Friday, February 1, 2008

Secret Transcript of Knobby Testimony Before Congress

CONGRESSIONAL STAFF: Please state your name.

WITNESS: Edward C. Knoblach.

STAFF: Alias “Knobby,” am I right?

WITNESS: Yes.

STAFF: You're the one who couldn’t throw to first base, right?

WITNESS: (Brief conference with lawyer) I won a Gold Glove in 1997.

STAFF: Answer the question! Were you known for errant throws to first base, or were you not?

DEFENSE LAWYER: I object, Mr. Chairman. This is not relevant to the matters that my client came here today to discuss.

CHAIRMAN: (Bangs gavel): I don’t know where you’re going with these questions, sir, but they had better be relevant.

STAFF: They will be, sir. I have asked Mr. Knoblauch a question. Could he throw to first base?

WITNESS: I had the yips.

STAFF: The “yips.” Was this also called “Steve Sax Disease?”

WITNESS: Yes.

STAFF: Ladies and gentlemen, I’m going to show Exhibit A, a photograph of a Mrs. Olbermann, the mother of a respected television celebrity. Mr. Knoblauch, have you have ever seen this woman?

WITNESS: Yes.

STAFF: Was she, by chance, lying on the floor of a stadium box seat, screaming in pain, holding her face?

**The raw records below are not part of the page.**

lemma wclass_coefvec_eq_iff:
  assumes "size m1 = n" "size m2 = n" "n > 0"
  shows "wclass (\<lambda>k. n - k) (n - 1) (coefvec n m1) = wclass (\<lambda>k. n - k) (n - 1) (coefvec n m2)
           \<longleftrightarrow> aff_orbit m1 = aff_orbit m2"
proof
  assume "wclass (\<lambda>k. n - k) (n - 1) (coefvec n m1) = wclass (\<lambda>k. n - k) (n - 1) (coefvec n m2)"
  then obtain t where "t \<noteq> 0" and t: "coefvec n m2 = wscale (\<lambda>k. n - k) (n - 1) t (coefvec n m1)"
    by (auto simp: wclass_eq_iff coefvec_def)
  define m1' where "m1' = image_mset (\<lambda>x. t * x + 0) m1"
  have "coefvec n m1' = coefvec n m2"
    unfolding m1'_def coefvec_affine[OF assms(1,3) \<open>t \<noteq> 0\<close>] t ..
  then have "aff_orbit m1' = aff_orbit m2"
    using assms by (intro aff_orbit_eq_of_coefvec_eq) (simp_all add: m1'_def)
  moreover have "aff_orbit m1' = aff_orbit m1"
    unfolding m1'_def by (rule aff_orbit_affine[OF \<open>t \<noteq> 0\<close>])
  ultimately show "aff_orbit m1 = aff_orbit m2"
    by simp
next
  assume "aff_orbit m1 = aff_orbit m2"
  then obtain l u where "l \<noteq> 0" "m2 = image_mset (\<lambda>x. l * x + u) m1"
    by (auto simp: aff_orbit_eq_iff)
  then show "wclass (\<lambda>k. n - k) (n - 1) (coefvec n m1) = wclass (\<lambda>k. n - k) (n - 1) (coefvec n m2)"
    using assms by (simp add: coefvec_affine wclass_wscale)
qed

WITNESS: (Sobbing) Yes… yes…

STAFF: Because you were “high” on performance enhancing drugs?

WITNESS: (Sobbing) No… it was… the yips…

STAFF: You took injections in the butt, and in a steroidal rage, you threw at Mrs. Olbermann, the mother of a respected television personality!

WITNESS: (Sobbing) No…

LAWYER: I object! The prosecutor is putting words in my client’s mouth.

CHAIRMAN: Order in the chambers. Order in the chambers!

STAFF: HE HIT MRS. OLBERMANN IN THE FACE! THE MOTHER OF A CHERISHED TELEVISION PERSONALITY SUFFERED, BECAUSE OF THIS MAN!

WITNESS: No.. yes…NO… I hit Mrs. Olbermann with the ball. Yes. I admit it. I hit Mrs. Olbermann with the ball.

STAFF: No further questions, Mr. Chairman.